* **What is expected**: Every line of the records below from the line with "at \<alpha>. \<beta>^2" up to and including the line with "by (auto simp: eventually_at_filter" must be reproduced exactly, and no line outside that range.

• • • •

lemma isCont_qinner: "isCont (qinner \<alpha>) \<beta>"
proof -
  define X where "X = \<bar>\<alpha>\<bar> + \<bar>\<beta>\<bar> + 1"
  have "continuous_on {-X..X} (\<lambda>\<beta>. \<Sum>k<n. (r * q^2)^k * (f (\<alpha> * q^k) * f (\<beta> * q^k)))" for n
    by (intro continuous_at_imp_continuous_on ballI continuous_intros isCont_o2[OF _ isCont_f])
  then have "continuous_on {-X..X} (qinner \<alpha>)"
    by (intro uniform_limit_theorem[OF _ uniform_limit_qinner]) (auto simp: X_def)
  moreover have "\<beta> \<in> interior {-X..X}"
    by (auto simp: X_def)
  ultimately show ?thesis
    using continuous_on_interior by blast
qed

lemma qinner_eq_casorati: "(\<beta>^2 - \<alpha>^2) * qinner \<alpha> \<beta> = casorati \<alpha> \<beta> 1"
proof -
  have "(\<lambda>N. (\<beta>^2 - \<alpha>^2) * (\<Sum>k<N. (r * q^2)^k * (f (\<alpha> * q^k) * f (\<beta> * q^k))))
          \<longlonglongrightarrow> (\<beta>^2 - \<alpha>^2) * qinner \<alpha> \<beta>"
    using qinner_sums unfolding sums_def by (intro tendsto_mult tendsto_const)
  moreover have "(\<lambda>N. casorati \<alpha> \<beta> 1 - r^N * casorati \<alpha> \<beta> (q^N)) \<longlonglongrightarrow> casorati \<alpha> \<beta> 1 - 0"
    by (intro tendsto_diff tendsto_const casorati_tendsto_zero)
  ultimately show ?thesis
    unfolding casorati_telescope by (simp add: LIMSEQ_unique)
qed

lemma qinner_self_pos: "0 < qinner \<alpha> \<alpha>"
proof -
  have "(\<lambda>k. f (\<alpha> * q^k)) \<longlonglongrightarrow> f (\<alpha> * 0)"
    using q
    by (intro isCont_tendsto_compose[OF isCont_f] tendsto_mult tendsto_const LIMSEQ_power_zero) auto
  then have "\<forall>\<^sub>F k in sequentially. f (\<alpha> * q^k) \<noteq> 0"
    using c0 f_0 by (intro tendsto_imp_eventually_ne) auto
  then obtain k where "f (\<alpha> * q^k) \<noteq> 0"
    by (auto simp: eventually_sequentially)
  then have "0 < f (\<alpha> * q^k) * f (\<alpha> * q^k)"
    by (metis not_real_square_gt_zero)
  then have "0 < (r * q^2)^k * (f (\<alpha> * q^k) * f (\<alpha> * q^k))"
    using r q by simp
  moreover have "0 \<le> (r * q^2)^n * (f (\<alpha> * q^n) * f (\<alpha> * q^n))" for n
    using r q by simp
  ultimately show ?thesis
    unfolding qinner_def by (intro suminf_pos2[OF sums_summable[OF qinner_sums]])
qed

lemma eventually_sign_near_zero:
  assumes "f \<alpha> = 0"
  shows "\<forall>\<^sub>F \<beta> in at \<alpha>. 0 < f (\<alpha> / q) * f \<beta> * (\<beta>^2 - \<alpha>^2)"
proof -
  have "\<alpha> \<noteq> 0"
    using assms f_0 c0 by auto
  then have "\<forall>\<^sub>F \<beta> in nhds \<alpha>. \<beta> \<noteq> - \<alpha>"
    by (intro t1_space_nhds) simp
  then have "\<forall>\<^sub>F \<beta> in at \<alpha>. \<beta>^2 - \<alpha>^2 \<noteq> 0"
    by (auto simp: eventually_at_filter power2_eq_iff elim: eventually_mono)
  moreover have "\<forall>\<^sub>F \<beta> in at \<alpha>. 0 < qinner \<alpha> \<beta>"
    using isCont_qinner[of \<alpha> \<alpha>] qinner_self_pos unfolding isCont_def by (rule order_tendstoD)
  ultimately have "\<forall>\<^sub>F \<beta> in at \<alpha>. 0 < (\<beta>^2 - \<alpha>^2) * ((\<beta>^2 - \<alpha>^2) * qinner \<alpha> \<beta>)"
    by eventually_elim (simp add: mult.assoc[symmetric] power2_eq_square[symmetric])
  moreover have "(\<beta>^2 - \<alpha>^2) * qinner \<alpha> \<beta> = f (\<alpha> / q) * f \<beta>" for \<beta>
    using qinner_eq_casorati[of \<beta> \<alpha>] assms by (simp add: casorati_def)
  ultimately show ?thesis
    by (simp add: mult.commute)
qed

• • • •

* **Output**:
  then have "\<forall>\<^sub>F \<beta> in at \<alpha>. \<beta>^2 - \<alpha>^2 \<noteq> 0"
    by (auto simp: eventually_at_filter power2_eq_iff elim: eventually_mono)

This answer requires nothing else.